Kate Solomon 

Tracks of the week reviewed: Justin Bieber, Travis Scott, Hatsune Miku

This week we’ve got an icky ode to marital sex, further proof Rosalía can do no wrong, and a WTF slice of AI pop
  
  


Justin Bieber
Yummy

There’s something about one-time child stars named Justin that makes them incapable of getting married without releasing at least one twee, innuendo-laden track that’s all about boning their wives. Justin Timberlake’s was Strawberry Bubblegum, and Justin Bieber’s is Yummy. It’ll be interesting to see what the teens make of the chorus, which has been precision-engineered for TikTok.
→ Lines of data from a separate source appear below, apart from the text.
text \<open>The probability that the chosen largest gap starts at a node depends only on clockwise
  distances, so it is invariant under rotating the ring by multiples of \<open>\<Lambda>\<close>, which permute
  the nodes homed on \<open>\<Lambda>\<close> (the lattice) and the remaining nodes among themselves.

  If the sender is a lattice node, the active set consists of \<open>ell + 1\<close> lattice nodes and
  rotation symmetry gives probability exactly \<open>1/(ell+1)\<close> for the hotspot.  If the sender \<open>S\<close>
  lies strictly between two consecutive lattice nodes, moving it back to the previous one can
  only increase its chance of starting the largest gap, and moving it forward to the next one can
  only decrease it.  The first comparison is unavailable when the previous lattice node is itself
  active, but such senders can win in at most one lattice interval per configuration.
  Summing over all configurations and rotations, double counting turns these
  comparisons into the two bounds (using \<open>(ell+1) C(\<eta>,ell+1) = (\<eta>-ell) C(\<eta>,ell)\<close>), and both
  bounds bracket \<open>1/(ell+1)\<close>, so they survive the average over sender and fanout.\<close>

definition cw_dist :: "nat \<Rightarrow> nat \<Rightarrow> nat \<Rightarrow> nat" where
  "cw_dist N x a = (a + N - x) mod N"

lemma cw_dist_eq:
  assumes x: "x \<in> {1..N}" and a: "a \<in> {1..N}"
  shows "cw_dist N x a = (if x \<le> a then a - x else a + N - x)"
proof (cases "x \<le> a")
  case True
  have "a + N - x = (a - x) + N" "a - x < N" using True x a by auto
  then have "(a + N - x) mod N = a - x" by (metis mod_add_self2 mod_less)
  then show ?thesis unfolding cw_dist_def using True by simp
next
  case False
  then have "a + N - x < N" using a x by auto
  then show ?thesis unfolding cw_dist_def using False by simp
qed

lemma cw_dist_bounds:
  assumes "x \<in> {1..N}" "a \<in> {1..N}" "x \<noteq> a"
  shows "0 < cw_dist N x a \<and> cw_dist N x a < N"
  using assms by (auto simp: cw_dist_eq)

lemma cw_dist_add_swap:
  assumes "x \<in> {1..N}" "a \<in> {1..N}" "x \<noteq> a"
  shows "cw_dist N x a + cw_dist N a x = N"
  using assms by (auto simp: cw_dist_eq)

lemma cw_dist_add:
  assumes "a \<in> {1..N}" "b \<in> {1..N}" "c \<in> {1..N}" "a \<noteq> c" "cw_dist N a b + cw_dist N b c < N"
  shows "cw_dist N a c = cw_dist N a b + cw_dist N b c"
  using assms by (auto simp: cw_dist_eq split: if_splits)

text \<open>The gap starting at \<open>x\<close> measured by clockwise distances only, hence rotation invariant;
  it agrees with \<open>gap_len\<close> on active sets of at least two nodes.\<close>
definition gap :: "nat \<Rightarrow> nat set \<Rightarrow> nat \<Rightarrow> nat" where
  "gap N W x = Min (cw_dist N x ` (W - {x}))"

definition largest_gaps :: "nat \<Rightarrow> nat set \<Rightarrow> nat set" where
  "largest_gaps N W = {x\<in>W. \<forall>y\<in>W. gap N W y \<le> gap N W x}"

definition choice_prob :: "nat \<Rightarrow> nat set \<Rightarrow> nat \<Rightarrow> real" where
  "choice_prob N W a = (if a \<in> largest_gaps N W then 1 / real (card (largest_gaps N W)) else 0)"

lemma Min_le_Min_dominated:
  fixes A B :: "'a::linorder set"
  assumes "finite A" "finite B" "B \<noteq> {}" "\<forall>b\<in>B. \<exists>a\<in>A. a \<le> b"
  shows "Min A \<le> Min B"
proof -
  obtain a where "a \<in> A" "a \<le> Min B" using assms Min_in[of B] by blast
  then show ?thesis using assms(1) by (meson Min_le order_trans)
qed

lemma gap_insert_mono:
  assumes "finite T" "t \<in> T" "cw_dist N t x \<le> cw_dist N t y" "t \<noteq> x" "t \<noteq> y"
  shows "gap N (insert x T) t \<le> gap N (insert y T) t"
  unfolding gap_def
proof (rule Min_le_Min_dominated)
  show "\<forall>b\<in>cw_dist N t ` (insert y T - {t}). \<exists>a\<in>cw_dist N t ` (insert x T - {t}). a \<le> b"
    using assms(3-5) by blast
qed (use assms in auto)

lemma largest_gaps_subset: "largest_gaps N W \<subseteq> W"
  unfolding largest_gaps_def by blast

lemma largest_gaps_nonempty:
  assumes "finite W" "W \<noteq> {}"
  shows "largest_gaps N W \<noteq> {}"
proof -
  obtain x where "x \<in> W" "gap N W x = Max (gap N W ` W)"
    using Max_in[of "gap N W ` W"] assms by fastforce
  then have "x \<in> largest_gaps N W" unfolding largest_gaps_def using assms(1) by simp
  then show ?thesis by blast
qed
Timberlake’s Strawberry Bubblegum came from the album that contained the pristine eight-minute pop epic Mirrors, so let’s hope Bieber’s got one of those up his sleeve too.

Travis Scott ft Rosalía and Lil Baby
Highest in the Room (Remix)

Remember when Travis Scott fell down a hole onstage at a Drake concert? This is nearly as good as that, and that was quite literally the greatest thing ever to be captured on video. A rework of an already-quite-good song that proves the theory that anything can be improved by the addition of Rosalía doing some warbly Spanish.

Hailee Steinfeld
Wrong Direction

Quite a title for a song that was released on the first day of the decade. Jeez, give us a chance, Hailee! Directioners are understandably convinced that this heart-achey piano ballad is about her ex, Niall Horan, and, if so, it doesn’t paint him in a great light. He kicked me off a picnic table in the V festival VIP section in 2012, so I’m prepared to believe his nice-guy act is all a ruse.

Baker CarterG and Hatsune Miku
Love Memories

All the real-music bores who complained about manufactured pop in the 90s should look away now. Hatsune Miku has been quite literally manufactured – she’s nothing more than a bank of voice files, farmed out to songwriters when they don’t want the bother of an actual human singer to deal with. Hence all “her” songs sound a bit like a child singing over a keyboard demo track. Love Memories, with its Pachelbel chord progression and sugary vocals jazzes things up with some machine zaps and kids-TV synths. Is it good? Is it interesting? Not sure, really.

Gabrielle Aplin and Nina Nesbitt
Miss You 2

A very pleasant song from one-time John Lewis ad singer Gabrielle Aplin and Jess Glynne support act Nina Nesbitt. It’s a remixed version of Aplin’s 2016 song Miss You, which I’m not sure anyone was really clamouring for but there you go – always here for fewer trop-house undertones and more Corrs-y nananas.